No mês em que se comemora o Dia Internacional da Mulher, o Departamento de Trânsito do Distrito Federal divulga um estudo sobre a mulher no trânsito. Os dados apontam que, mesmo as mulheres (765.096) representando 42% do total de condutores habilitados (1.824.467) no DF, elas estiveram presente em 13% do total de ocorrências fatais de 2025.
Entre os 404 condutores envolvidos em sinistros com morte, 53 eram mulheres, 332 homens e 19 não tiveram o sexo identificado. Por outro lado, observa-se que houve um crescimento de 54% na quantidade de mulheres que perderam a vida em decorrência de sinistro de trânsito, passando de 33 em 2024 para 51 em 2025.
“Apesar de figurar como minoria entre as vítimas, assusta-nos esse aumento. A mulher sempre foi exemplo de cuidado e respeito às regras de circulação, tanto como condutoras como em outros papéis no trânsito. No último ano, por exemplo, tivemos 12 motociclistas mortas enquanto no ano anterior nenhuma motociclista tinha perdido a vida no trânsito. Esses dados vão nos ajudar a redirecionar nossas ações educativas voltadas para esse público específico”, explica o diretor-geral, Marcu Bellini.

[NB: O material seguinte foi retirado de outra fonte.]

(* For any $n$, any $0\le k\le n$, and any $\lambda,\mu\vdash n$, $$m\big((\lambda,\mu),\alpha_{H_n^k}\big)=\frac1{n!}\sum_{\pi\in S_n}\chi_\lambda(\pi)\chi_\mu(\pi)\,(n-|\mathrm{supp}(\pi)|)_k .$$
   Context: Permutations are composed as functions, and $\pi\in S_n$ is identified with the permutation matrix whose $(i,j)$ entry is $1$ iff $i=\pi(j)$. For $A\in GL_n(\mathbb{Z}_2)$ let $\eta(A)$ (resp. $\theta(A)$) be the partition obtained by sorting the row sums (resp. column sums) of $A$, computed as integers, in weakly decreasing order. For $0\le k\le n$, $H_n^k=\{A\in GL_n(\mathbb{Z}_2)\mid \eta(A)=(n,n-1,\dots,n-k+1,1^{n-k}),\ \theta(A)=((k+1)^{n-k},k,k-1,\dots,1)\}$. $\alpha_{H_n^k}$ is the complex permutation representation of $S_n\times S_n$ on the space with basis $H_n^k$ given by $(\pi,\sigma)\bullet A=\pi A\sigma^{-1}$. For $\lambda,\mu\vdash n$, $m((\lambda,\mu),\varphi)$ denotes the multiplicity in $\varphi$ of the irreducible $S_n\times S_n$-representation $S^\lambda\otimes S^\mu$. $\chi_\lambda$ is the irreducible character of $S_n$ indexed by $\lambda$, $\mathrm{supp}(\pi)$ the set of points moved by $\pi$, and $(m)_k=m(m-1)\cdots(m-k+1)$. *)

theory Defs
  imports "Jordan_Normal_Form.Matrix" "HOL-Library.Z2" "HOL-Combinatorics.Permutations"
begin

definition GL2 :: "nat \<Rightarrow> bit mat set" where
  "GL2 n = {A \<in> carrier_mat n n. invertible_mat A}"

definition perm_mat :: "nat \<Rightarrow> (nat \<Rightarrow> nat) \<Rightarrow> bit mat" where
  "perm_mat n p = mat n n (\<lambda>(i,j). if i = p j then 1 else 0)"

definition act :: "nat \<Rightarrow> (nat \<Rightarrow> nat) \<Rightarrow> (nat \<Rightarrow> nat) \<Rightarrow> bit mat \<Rightarrow> bit mat" where
  "act n p s A = perm_mat n p * A * perm_mat n (inv_into UNIV s)"

(* row / column sums computed as integers *)
definition row_sum :: "bit mat \<Rightarrow> nat \<Rightarrow> nat" where
  "row_sum A i = card {j. j < dim_col A \<and> A $$ (i,j) = 1}"

definition col_sum :: "bit mat \<Rightarrow> nat \<Rightarrow> nat" where
  "col_sum A j = card {i. i < dim_row A \<and> A $$ (i,j) = 1}"

definition eta :: "bit mat \<Rightarrow> nat list" where
  "eta A = rev (sort (map (row_sum A) [0..<dim_row A]))"

definition theta :: "bit mat \<Rightarrow> nat list" where
  "theta A = rev (sort (map (col_sum A) [0..<dim_col A]))"

definition H :: "nat \<Rightarrow> nat \<Rightarrow> bit mat set" where
  "H n k = {A \<in> GL2 n.
      eta A = map (\<lambda>i. n - i) [0..<k] @ replicate (n - k) 1 \<and>
      theta A = replicate (n - k) (k + 1) @ map (\<lambda>i. k - i) [0..<k]}"

definition is_partition :: "nat \<Rightarrow> nat list \<Rightarrow> bool" where
  "is_partition n la \<longleftrightarrow> sorted (rev la) \<and> (\<forall>x\<in>set la. 0 < x) \<and> sum_list la = n"

definition part :: "nat list \<Rightarrow> nat \<Rightarrow> nat" where
  "part la i = (if i < length la then la ! i else 0)"

(* Irreducible character chi_lambda of S_n, via the Frobenius character formula
   chi_lambda(pi) = [x^(lambda+delta)] a_delta * p_{cycle type of pi}, in n variables,
   delta = (n-1,...,0), a_delta = sum_w sgn(w) prod_i x_i^(n-1-w(i)).
   The coefficient of prod_i x_i^(lambda_i - i + w(i)) in the product of power sums
   over the cycles of pi counts the maps g assigning to every cycle a variable index,
   i.e. maps g on {..<n}, constant on cycles, with |g^{-1}(i)| = lambda_i - i + w(i). *)
definition chi :: "nat \<Rightarrow> nat list \<Rightarrow> (nat \<Rightarrow> nat) \<Rightarrow> int" where
  "chi n la p = (\<Sum>w | w permutes {..<n}.
      sign w * int (card {g \<in> {..<n} \<rightarrow>\<^sub>E {..<n}.
          (\<forall>x<n. g (p x) = g x) \<and>
          (\<forall>i<n. card {x. x < n \<and> g x = i} + i = part la i + w i)}))"
lemma sigma_finite_distr_continuous_surj:
  fixes p :: "'a::second_countable_topology \<Rightarrow> 'b::metric_space"
  assumes "continuous_on UNIV p" and "surj p" and "locally_finite_measure (distr m borel p)"
  shows "sigma_finite_measure (distr m borel p)"
proof -
  obtain D :: "'a set" where D: "countable D" "\<And>X. open X \<Longrightarrow> X \<noteq> {} \<Longrightarrow> \<exists>d\<in>D. d \<in> X"
    by (rule countable_dense_setE) blast
  have "\<exists>d\<in>p ` D. d \<in> U" if U: "open U" "U \<noteq> {}" for U
  proof -
    have "open (p -` U)"
      using U(1) assms(1) by (rule open_vimage)
    moreover obtain x where "p x \<in> U"
      using U(2) assms(2) by (metis ex_in_conv surjD)
    ultimately obtain d where "d \<in> D" "p d \<in> U"
      using D(2)[of "p -` U"] by blast
    then show ?thesis
      by blast
  qed
  then show ?thesis
    using assms(3) D(1) by (intro sigma_finite_if_locally_finite_dense[where D = "p ` D"]) simp_all
qed

lemma sigma_finite_quotient_measure:
  fixes p :: "'a::polish_space \<Rightarrow> 'b::metric_space"
  assumes "metric_measure_foliation m p"
  shows "sigma_finite_measure (quotient_measure m p)"
proof -
  have foliation: "metric_foliation_quotient p"
    and "locally_finite_measure (quotient_measure m p)"
    using assms unfolding metric_measure_foliation_def by auto
  then show ?thesis
    unfolding quotient_measure_def metric_foliation_quotient_def
    by (intro sigma_finite_distr_continuous_surj continuous_on_metric_foliation_quotient[OF foliation]) auto
qed

lemma ent_trunc_cong_AE:
  assumes "AE x in m. f x = g x"
  shows "ent_trunc m f \<epsilon> = ent_trunc m g \<epsilon>"
proof -
  have pos: "AE x in m. ennreal (indicator {x. \<epsilon> < f x} x * max 0 (f x * ln (f x))) =
      ennreal (indicator {x. \<epsilon> < g x} x * max 0 (g x * ln (g x)))"
    and neg: "AE x in m. ennreal (indicator {x. \<epsilon> < f x} x * max 0 (- (f x * ln (f x)))) =
      ennreal (indicator {x. \<epsilon> < g x} x * max 0 (- (g x * ln (g x))))"
    using assms by (eventually_elim, simp add: indicator_def)+
  show ?thesis
    unfolding ent_trunc_def nn_integral_cong_AE[OF pos] nn_integral_cong_AE[OF neg] ..
qed

lemma ent_trunc_distr:
  assumes p: "p \<in> measurable m borel" and \<rho>: "\<rho> \<in> borel_measurable borel"
  shows "ent_trunc (distr m borel p) \<rho> \<epsilon> = ent_trunc m (\<lambda>x. \<rho> (p x)) \<epsilon>"
proof -
  have distr: "(\<integral>\<^sup>+ y. g (\<rho> y) \<partial>distr m borel p) = (\<integral>\<^sup>+ x. g (\<rho> (p x)) \<partial>m)"
    if "g \<in> borel_measurable borel" for g :: "real \<Rightarrow> ennreal"
    by (rule nn_integral_distr[OF p])
       (simp add: measurable_compose[OF \<rho> that] measurable_cong_sets[OF sets_distr refl])
  have pos: "(\<lambda>t. ennreal (indicator {t. \<epsilon> < t} t * max 0 (t * ln t))) \<in> borel_measurable borel"
    and neg: "(\<lambda>t. ennreal (indicator {t. \<epsilon> < t} t * max 0 (- (t * ln t)))) \<in> borel_measurable borel"
    by measurable
  show ?thesis
    unfolding ent_trunc_def using distr[OF pos] distr[OF neg] by (simp add: indicator_def)
qed
lemma index_conj_dispD:
  assumes X: "X \<in> carrier_mat d d" and a: "a < d" and i: "i < d" and j: "j < d"
  shows "(dispD d (a,b) * X * mat_adjoint (dispD d (a,b))) $$ (i,j)
       = X $$ (shift_back a i, shift_back a j) * \<omega> (int b * (int i - int j))"
proof -
  let ?D = "dispD d (a,b)" and ?c = "\<lambda>i. \<omega> (int inv2 * int (a * b) + int b * int (shift_back a i))"
  have DX: "(?D * X) $$ (i,l) = ?c i * X $$ (shift_back a i, l)" if i: "i < d" and l: "l < d" for i l
  proof -
    have "(?D * X) $$ (i,l) = (\<Sum>k<d. ?D $$ (i,k) * X $$ (k,l))"
      using X i l by (intro index_mult_mat_sum) auto
    also have "\<dots> = (\<Sum>k<d. if i = (k + a) mod d then \<omega> (int inv2 * int (a * b) + int b * int k) * X $$ (k,l) else 0)"
      using i by (intro sum.cong) (auto simp: index_dispD)
    also have "\<dots> = ?c i * X $$ (shift_back a i, l)"
      using a i by (simp add: sum_add_mod_delta)
    finally show ?thesis .
  qed
  have "(?D * X * mat_adjoint ?D) $$ (i,j) = (\<Sum>l<d. (?D * X) $$ (i,l) * mat_adjoint ?D $$ (l,j))"
    using X i j by (intro index_mult_mat_sum) (auto intro!: carrier_matI)
  also have "\<dots> = (\<Sum>l<d. if j = (l + a) mod d then (?D * X) $$ (i,l) * cnj (\<omega> (int inv2 * int (a * b) + int b * int l)) else 0)"
    using j by (intro sum.cong) (auto simp: index_mat_adjoint index_dispD)
  also have "\<dots> = X $$ (shift_back a i, shift_back a j) * (?c i * cnj (?c j))"
    using a j DX[OF i shift_back_less] by (simp add: sum_add_mod_delta)
  also have "?c i * cnj (?c j) = \<omega> (int b * (int (shift_back a i) - int (shift_back a j)))"
    by (simp add: cnj_\<omega> \<omega>_add[symmetric] algebra_simps)
  also have "\<dots> = \<omega> (int b * (int (i + d - a) - int (j + d - a)))"
    unfolding shift_back_def by (rule \<omega>_nat_mod)
  also have "int (i + d - a) - int (j + d - a) = int i - int j" using a by simp
  finally show ?thesis .
qed

lemma sum_Zd2: "(\<Sum>p\<in>Zd2 d. f p) = (\<Sum>a<d. \<Sum>b<d. f (a,b))"
  unfolding Zd2_def by (simp add: sum.cartesian_product lessThan_atLeast0)

lemma finite_Zd2[simp]: "finite (Zd2 d)"
  unfolding Zd2_def by simp

lemma dim_opU[simp]: "dim_row (opU d) = d" "dim_col (opU d) = d"
  unfolding opU_def by simp_all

A presença da mulher entre as vítimas fatais (que representou 14% das 229 mortes em 2024) passou para 19% das 271 mortes de 2025. Enquanto em 2025 morreram 12 motociclistas do sexo feminino, em 2024 não havia morrido nenhuma. Por outro lado, em 2024 tinha morrido duas ciclistas e neste ano não houve morte de ciclista do sexo feminino.
Perfil das vítimas
Entre as 51 mulheres vitimadas, 21 eram pedestres, 10 passageiras e 20 condutoras, sendo a maioria motociclistas (12). O tipo de sinistro que mais vitimou as mulheres em 2025 foi o atropelamento, registrando um aumento de 47% em relação a 2024, quando morreram 15 pedestres do sexo feminino.
Outra novidade em 2025 foi o registro de cinco condutoras sem habilitação e uma cuja habilitação não era adequada para a categoria de veículo conduzida. Apenas 14 das 20 mortas eram habilitadas. Em 2024, não houve nenhum registro do tipo.
Local do sinistro
Quanto ao local do sinistro, 20 mulheres morreram em vias urbanas e 31 em rodovias distritais e federais. As vias urbanas com maior quantidade de óbitos foram a Avenida Recanto das Emas e a Avenida Central do Gama, ambas com duas mortes cada. Entre as regiões administrativas, Plano Piloto se destacou com cinco ocorrências. Taguatinga, Recanto das Emas e Ceilândia registraram dois óbitos cada. Nas rodovias, a maior parte das ocorrências foram registradas na DF-001 (EPCT) com seis casos e três na BR 020.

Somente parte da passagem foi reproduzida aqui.